Kubernetes Dashboard 是 Kubernetes 集群的基于 Web 的通用 UI。它允许用户管理在群集中运行的应用程序并对其进行故障排除,以及管理群集本身。

由于Kubernetes API版本之间的重大更改,某些功能可能无法在仪表板中正常运行,这也导致了kubernetes-dashboard的兼容性问题比较严重,最好一个版本使用一个版本最稳定的dashboard。

比如kubernetes-dashboard 新版本:v2.0.0 兼容 Kubernetes 版本:1.18以上,对以下的版本不兼容。

如果想安装高版本可以看 Kubernetes 部署 Kubernetes-Dashboard v2.0.0

而本文kubernetes-dashboard:v1.10.1 兼容 kubernetes:1.15版本

Heapster

Heapster是容器集群监控和性能分析工具,天然的支持Kubernetes和CoreOS。

Kubernetes有个出名的监控agent—cAdvisor。在每个kubernetes Node上都会运行cAdvisor,它会收集本机以及容器的监控数据(cpu,memory,filesystem,network,uptime)。在较新的版本中,K8S已经将cAdvisor功能集成到kubelet组件中。每个Node节点可以直接进行web访问。

Heapster是一个收集者,Heapster可以收集Node节点上的cAdvisor数据,将每个Node上的cAdvisor的数据进行汇总,还可以按照kubernetes的资源类型来集合资源,比如Pod、Namespace,可以分别获取它们的CPU、内存、网络和磁盘的metric。默认的metric数据聚合时间间隔是1分钟。还可以把数据导入到第三方工具(如InfluxDB)。

Kubernetes原生dashboard的监控图表信息来自heapster。在Horizontal Pod Autoscaling中也用到了Heapster,HPA将Heapster作为Resource Metrics API,向其获取metric。

InfluxDB

InfluxDB是一个开源的时序数据库,使用GO语言开发,特别适合用于处理和分析资源监控数据这种时序相关数据。而InfluxDB自带的各种特殊函数如求标准差,随机取样数据,统计数据变化比等,使数据统计和实时分析变得十分方便。

时序数据库产品的发明都是为了解决传统关系型数据库在时序数据存储和分析上的不足和缺陷,这类产品被统一归类为时序数据库。针对时序数据的特点对写入、存储、查询等流程进行了优化,这些优化与时序数据的特点息息相关:

  • 存储成本:
    利用时间递增、维度重复、指标平滑变化的特性,合理选择编码压缩算法,提高数据压缩比;
    通过预降精度,对历史数据做聚合,节省存储空间。

  • 高并发写入:
    批量写入数据,降低网络开销;
    数据先写入内存,再周期性的dump为不可变的文件存储。

  • 低查询延时,高查询并发:
    优化常见的查询模式,通过索引等技术降低查询延时;
    通过缓存、routing等技术提高查询并发。

Grafana

Grafana是一个跨平台的开源的度量分析和可视化工具,可以通过将采集的数据查询然后可视化的展示,并及时通知。

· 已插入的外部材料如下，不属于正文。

(* Let $\mathcal O\subset\mathbb R^2$ be a connected open set and let $\mathcal M=(\mathcal O,\Gamma)$ be an affine surface. Suppose there exist pairwise distinct real linear functions $L_1,L_2,L_3$ such that $\{e^{L_1},e^{L_2},e^{L_3}\}$ is a basis of $\mathcal Q(\mathcal M)$. Then $\Gamma$ has constant Christoffel symbols (i.e. is Type $\mathcal A$), and $\Gamma$ is linearly equivalent to one of: $\Gamma_r^2(a_1,a_2)$ for some $a_1,a_2$ with $a_1+a_2\neq1$ and $a_1a_2\neq0$; $\Gamma_2^1(c)$ for some $c\notin\{-1,0\}$; or $\Gamma_2^0$.
   Context: An affine manifold $(M,\nabla)$ is a smooth manifold $M$ of dimension $m\ge 2$ with a torsion-free connection $\nabla$ on $TM$; in local coordinates $\nabla_{\partial_{x^i}}\partial_{x^j}=\Gamma_{ij}^k\partial_{x^k}$ (summation over repeated indices). The curvature is $R(X,Y)Z=\nabla_X\nabla_YZ-\nabla_Y\nabla_XZ-\nabla_{[X,Y]}Z$, the Ricci tensor is $\rho(Y,Z)=\mathrm{Tr}(X\mapsto R(X,Y)Z)$, and $\rho_s(X,Y)=\frac12(\rho(X,Y)+\rho(Y,X))$. The Hessian is $\mathcal H_\nabla f=(\partial_{x^i}\partial_{x^j}f-\Gamma_{ij}^k\partial_{x^k}f)\,dx^i\otimes dx^j$. The quasi-Einstein solution space is $\mathcal Q(M,\nabla)=\{f\in C^\infty(M):\mathcal H_\nabla f+\frac{1}{m-1}f\rho_s=0\}$. For real constants, $\Gamma(a,b,c,d,e,f)$ denotes the connection on (an open subset of) $\mathbb R^2$ whose Christoffel symbols in the standard coordinates $(x^1,x^2)$ are the constants $\Gamma_{11}^1=a$, $\Gamma_{11}^2=b$, $\Gamma_{12}^1=\Gamma_{21}^1=c$, $\Gamma_{12}^2=\Gamma_{21}^2=d$, $\Gamma_{22}^1=e$, $\Gamma_{22}^2=f$; multiplying $\Gamma(\dots)$ by a scalar multiplies all six entries. Two connections with constant Christoffel symbols are linearly equivalent if they differ by a linear change of coordinates, i.e. there is $T\in GL(2,\mathbb R)$ with $T^*\nabla_2=\nabla_1$. A real linear function is $L(x^1,x^2)=\alpha_1x^1+\alpha_2x^2$, $\alpha_i\in\mathbb R$. The specific connections: for $a_1+a_2\ne1$, $\Gamma_r^2(a_1,a_2):=\frac{1}{a_1+a_2-1}\Gamma(a_1^2+a_2-1,\ a_1^2-a_1,\ a_1a_2,\ a_1a_2,\ a_2^2-a_2,\ a_1+a_2^2-1)$; for $c\ne-1$, $\Gamma_2^1(c):=\Gamma(-1,0,c,0,0,1+2c)$; $\Gamma_2^0:=\Gamma(-1,0,0,0,0,1)$. *)

theory Defs
  imports "HOL-Analysis.Analysis"
begin

text \<open>Points of R^2 are pairs (x1,x2); coordinate indices are 0 (for x1) and 1 (for x2).
A connection on an open set U is given by its Christoffel symbols
G i j k p = Gamma_{ij}^k(p).\<close>

definition pd :: "nat \<Rightarrow> (real \<times> real \<Rightarrow> real) \<Rightarrow> real \<times> real \<Rightarrow> real" where
  "pd i f p = (if i = 0 then deriv (\<lambda>t. f (t, snd p)) (fst p)
               else deriv (\<lambda>t. f (fst p, t)) (snd p))"

fun Ck_on :: "nat \<Rightarrow> (real \<times> real) set \<Rightarrow> (real \<times> real \<Rightarrow> real) \<Rightarrow> bool" where
  "Ck_on 0 U f = continuous_on U f"
| "Ck_on (Suc k) U f = ((\<forall>p\<in>U. f differentiable (at p)) \<and> Ck_on k U (pd 0 f) \<and> Ck_on k U (pd 1 f))"

definition smooth_on2 :: "(real \<times> real) set \<Rightarrow> (real \<times> real \<Rightarrow> real) \<Rightarrow> bool" where
  "smooth_on2 U f = (\<forall>k. Ck_on k U f)"

text \<open>Curvature components: R(d_i,d_j)d_k = curv G i j k l d_l.\<close>
definition curv :: "(nat \<Rightarrow> nat \<Rightarrow> nat \<Rightarrow> real \<times> real \<Rightarrow> real) \<Rightarrow> nat \<Rightarrow> nat \<Rightarrow> nat \<Rightarrow> nat \<Rightarrow> real \<times> real \<Rightarrow> real" where
  "curv G i j k l p = pd i (G j k l) p - pd j (G i k l) p
     + (\<Sum>n<2. G j k n p * G i n l p - G i k n p * G j n l p)"

definition ricci :: "(nat \<Rightarrow> nat \<Rightarrow> nat \<Rightarrow> real \<times> real \<Rightarrow> real) \<Rightarrow> nat \<Rightarrow> nat \<Rightarrow> real \<times> real \<Rightarrow> real" where
  "ricci G j k p = (\<Sum>i<2. curv G i j k i p)"

definition ricci_s :: "(nat \<Rightarrow> nat \<Rightarrow> nat \<Rightarrow> real \<times> real \<Rightarrow> real) \<Rightarrow> nat \<Rightarrow> nat \<Rightarrow> real \<times> real \<Rightarrow> real" where
  "ricci_s G j k p = (ricci G j k p + ricci G k j p) / 2"

definition hessian :: "(nat \<Rightarrow> nat \<Rightarrow> nat \<Rightarrow> real \<times> real \<Rightarrow> real) \<Rightarrow> (real \<times> real \<Rightarrow> real) \<Rightarrow> nat \<Rightarrow> nat \<Rightarrow> real \<times> real \<Rightarrow> real" where
  "hessian G f i j p = pd i (pd j f) p - (\<Sum>k<2. G i j k p * pd k f p)"

text \<open>Quasi-Einstein solution space for a surface (m = 2, so 1/(m-1) = 1).\<close>
definition QE :: "(real \<times> real) set \<Rightarrow> (nat \<Rightarrow> nat \<Rightarrow> nat \<Rightarrow> real \<times> real \<Rightarrow> real) \<Rightarrow> (real \<times> real \<Rightarrow> real) set" where
  "QE U G = {f. smooth_on2 U f \<and>
     (\<forall>p\<in>U. \<forall>i<2. \<forall>j<2. hessian G f i j p + (1 / (2 - 1)) * f p * ricci_s G i j p = 0)}"

definition linf :: "real \<times> real \<Rightarrow> real \<times> real \<Rightarrow> real" where
  "linf u p = fst u * fst p + snd u * snd p"

definition Gam :: "real \<Rightarrow> real \<Rightarrow> real \<Rightarrow> real \<Rightarrow> real \<Rightarrow> real \<Rightarrow> nat \<Rightarrow> nat \<Rightarrow> nat \<Rightarrow> real" where
  "Gam a b c d e f i j k =
     (if i = 0 \<and> j = 0 then (if k = 0 then a else b)
      else if i = 1 \<and> j = 1 then (if k = 0 then e else f)
      else (if k = 0 then c else d))"

definition Gamma_r2 :: "real \<Rightarrow> real \<Rightarrow> nat \<Rightarrow> nat \<Rightarrow> nat \<Rightarrow> real" where
  "Gamma_r2 a1 a2 i j k = (1 / (a1 + a2 - 1)) *
     Gam (a1^2 + a2 - 1) (a1^2 - a1) (a1 * a2) (a1 * a2) (a2^2 - a2) (a1 + a2^2 - 1) i j k"

definition Gamma_21 :: "real \<Rightarrow> nat \<Rightarrow> nat \<Rightarrow> nat \<Rightarrow> real" where
  "Gamma_21 c = Gam (-1) 0 c 0 0 (1 + 2 * c)"

definition Gamma_20 :: "nat \<Rightarrow> nat \<Rightarrow> nat \<Rightarrow> real" where
  "Gamma_20 = Gam (-1) 0 0 0 0 1"

text \<open>Linear equivalence of constant connections: there is T in GL(2,R) (T k c = T^k_c,
coordinate change x^k = T^k_c y^c) with T^* nabla2 = nabla1, i.e.
sum_c C1_{ab}^c T^k_c = sum_{i,j} C2_{ij}^k T^i_a T^j_b.\<close>
definition lin_equiv :: "(nat \<Rightarrow> nat \<Rightarrow> nat \<Rightarrow> real) \<Rightarrow> (nat \<Rightarrow> nat \<Rightarrow> nat \<Rightarrow> real) \<Rightarrow> bool" where
  "lin_equiv C1 C2 = (\<exists>T :: nat \<Rightarrow> nat \<Rightarrow> real.
     T 0 0 * T 1 1 - T 0 1 * T 1 0 \<noteq> 0 \<and>
     (\<forall>a<2. \<forall>b<2. \<forall>k<2.
        (\<Sum>c<2. C1 a b c * T k c) = (\<Sum>i<2. \<Sum>j<2. C2 i j k * T i a * T j b)))"

end

theory Submission
  imports Defs
begin

text \<open>At each point p, the equation for exp(L) with L = linf u reduces to the quadratic system
  u_a u_b = \<Sum>_c Gamma_{ab}^c(p) u_c - rho_s(a,b)(p), which is affine in the unknowns
  (Gamma_{ab}^0(p), Gamma_{ab}^1(p), rho_s(a,b)(p)). Three distinct solutions u_i of such a
  system are never collinear, so they determine Gamma(p) completely: Gamma is the same at
  every point. Finally, a linear change of coordinates moves the three exponents to a normal
  position, according to whether one of them is 0 (giving Gamma_2^0), two of them are
  linearly dependent (Gamma_2^1(c)), or none of these happens (Gamma_r^2(a_1,a_2)).\<close>

definition coord :: "real \<times> real \<Rightarrow> nat \<Rightarrow> real" where
  "coord v i = (if i = 0 then fst v else snd v)"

它主要有以下六大特点:

  • 展示方式:快速灵活的客户端图表,面板插件有许多不同方式的可视化指标和日志,官方库中具有丰富的仪表盘插件,比如热图、折线图、图表等多种展示方式;

  • 数据源:Graphite,InfluxDB,OpenTSDB,Prometheus,Elasticsearch,CloudWatch和KairosDB等;

  • 通知提醒:以可视方式定义最重要指标的警报规则,Grafana将不断计算并发送通知,在数据达到阈值时通过Slack、PagerDuty等获得通知;

  • 混合展示:在同一图表中混合使用不同的数据源,可以基于每个查询指定数据源,甚至自定义数据源;

  • 注释:使用来自不同数据源的丰富事件注释图表,将鼠标悬停在事件上会显示完整的事件元数据和标记;

  • 过滤器:Ad-hoc过滤器允许动态创建新的键/值过滤器,这些过滤器会自动应用于使用该数据源的所有查询。

部署

下载安装

项目文件信息链接

一共有5个yaml文件及2个json文件

[root@vm-26-11 ~]# tree
├── kubernetes-dashboard
│   ├── grafana.yaml
│   ├── heapster-rbac.yaml
│   ├── heapster.yaml
│   ├── kubernetes-dashboard.yaml
│   └── influxdb.yaml

确认kubernetes-dashboard目录的yaml文件正确(json先不用管)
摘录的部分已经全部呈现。